#### Work required:
Once you have read the listing below, write all of it out again exactly.

#### Records provided:
lemma eval2_leading_asymptotic:
  fixes q :: "complex poly poly"
  defines "g \<equiv> degree (lead_coeff q)"
  assumes monic: "lead_coeff (lead_coeff q) = 1"
    and dom: "\<And>n m. m < degree q \<Longrightarrow> coeff (coeff q m) n \<noteq> 0 \<Longrightarrow>
        real n - real g \<le> a * (real (degree q) - real m)"
  shows "((\<lambda>x. eval2 q (fst x) (snd x) / (fst x ^ g * snd x ^ degree q)) \<longlongrightarrow> 1) (far a)"
proof -
  define d where "d = degree q"
  define T where "T m n x = coeff (coeff q m) n * fst x ^ n * snd x ^ m / (fst x ^ g * snd x ^ d)"
    for m n x
  have lead: "((\<lambda>x. poly (lead_coeff q) (fst x) / fst x ^ g) \<longlongrightarrow> 1) (far a)"
  proof -
    have "filterlim fst (filtercomap norm at_top) (far a)"
      using far_norm_fst by (simp add: filterlim_filtercomap_iff o_def)
    from filterlim_compose[OF monic_poly_asymptotic[OF monic] this] show ?thesis
      by (simp add: g_def)
  qed
  have lower: "((\<lambda>x. T m n x) \<longlongrightarrow> 0) (far a)" if "m < d" for m n
  proof (cases "coeff (coeff q m) n = 0")
    case False
    with that show ?thesis
      unfolding T_def d_def by (intro monomial_quotient_tendsto_0 dom)
  qed (simp add: T_def)
  have "((\<lambda>x. poly (lead_coeff q) (fst x) / fst x ^ g
        + (\<Sum>m<d. \<Sum>n\<le>degree (coeff q m). T m n x))
      \<longlongrightarrow> 1 + (\<Sum>m<d. \<Sum>n\<le>degree (coeff q m). 0)) (far a)"
    by (intro tendsto_add lead tendsto_sum lower) simp
  then have sum_lim: "((\<lambda>x. poly (lead_coeff q) (fst x) / fst x ^ g
        + (\<Sum>m<d. \<Sum>n\<le>degree (coeff q m). T m n x)) \<longlongrightarrow> 1) (far a)"
    by simp
  have "eventually (\<lambda>x. poly (lead_coeff q) (fst x) / fst x ^ g
        + (\<Sum>m<d. \<Sum>n\<le>degree (coeff q m). T m n x)
      = eval2 q (fst x) (snd x) / (fst x ^ g * snd x ^ d)) (far a)"
    using far_snd_nonzero
  proof eventually_elim
    case (elim x)
    then have "poly (lead_coeff q) (fst x) * snd x ^ d / (fst x ^ g * snd x ^ d)
        = poly (lead_coeff q) (fst x) / fst x ^ g"
      by simp
    then show ?case
      unfolding eval2_expand T_def d_def
      by (simp add: add_divide_distrib sum_divide_distrib)
  qed
  from Lim_transform_eventually[OF sum_lim this] show ?thesis by (simp add: d_def)
qed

#### Result below:
lemma eval2_leading_asymptotic:
  fixes q :: "complex poly poly"
  defines "g \<equiv> degree (lead_coeff q)"
  assumes monic: "lead_coeff (lead_coeff q) = 1"
    and dom: "\<And>n m. m < degree q \<Longrightarrow> coeff (coeff q m) n \<noteq> 0 \<Longrightarrow>
        real n - real g \<le> a * (real (degree q) - real m)"
  shows "((\<lambda>x. eval2 q (fst x) (snd x) / (fst x ^ g * snd x ^ degree q)) \<longlongrightarrow> 1) (far a)"
proof -
  define d where "d = degree q"
  define T where "T m n x = coeff (coeff q m) n * fst x ^ n * snd x ^ m / (fst x ^ g * snd x ^ d)"
    for m n x
  have lead: "((\<lambda>x. poly (lead_coeff q) (fst x) / fst x ^ g) \<longlongrightarrow> 1) (far a)"
  proof -
    have "filterlim fst (filtercomap norm at_top) (far a)"
      using far_norm_fst by (simp add: filterlim_filtercomap_iff o_def)
    from filterlim_compose[OF monic_poly_asymptotic[OF monic] this] show ?thesis
      by (simp add: g_def)
  qed
  have lower: "((\<lambda>x. T m n x) \<longlongrightarrow> 0) (far a)" if "m < d" for m n
  proof (cases "coeff (coeff q m) n = 0")
    case False
    with that show ?thesis
      unfolding T_def d_def by (intro monomial_quotient_tendsto_0 dom)
  qed (simp add: T_def)
  have "((\<lambda>x. poly (lead_coeff q) (fst x) / fst x ^ g
        + (\<Sum>m<d. \<Sum>n\<le>degree (coeff q m). T m n x))
      \<longlongrightarrow> 1 + (\<Sum>m<d. \<Sum>n\<le>degree (coeff q m). 0)) (far a)"
    by (intro tendsto_add lead tendsto_sum lower) simp
  then have sum_lim: "((\<lambda>x. poly (lead_coeff q) (fst x) / fst x ^ g
        + (\<Sum>m<d. \<Sum>n\<le>degree (coeff q m). T m n x)) \<longlongrightarrow> 1) (far a)"
    by simp
  have "eventually (\<lambda>x. poly (lead_coeff q) (fst x) / fst x ^ g
        + (\<Sum>m<d. \<Sum>n\<le>degree (coeff q m). T m n x)
      = eval2 q (fst x) (snd x) / (fst x ^ g * snd x ^ d)) (far a)"
    using far_snd_nonzero
  proof eventually_elim
    case (elim x)
    then have "poly (lead_coeff q) (fst x) * snd x ^ d / (fst x ^ g * snd x ^ d)
        = poly (lead_coeff q) (fst x) / fst x ^ g"
      by simp
    then show ?case
      unfolding eval2_expand T_def d_def
      by (simp add: add_divide_distrib sum_divide_distrib)
  qed
  from Lim_transform_eventually[OF sum_lim this] show ?thesis by (simp add: d_def)
qed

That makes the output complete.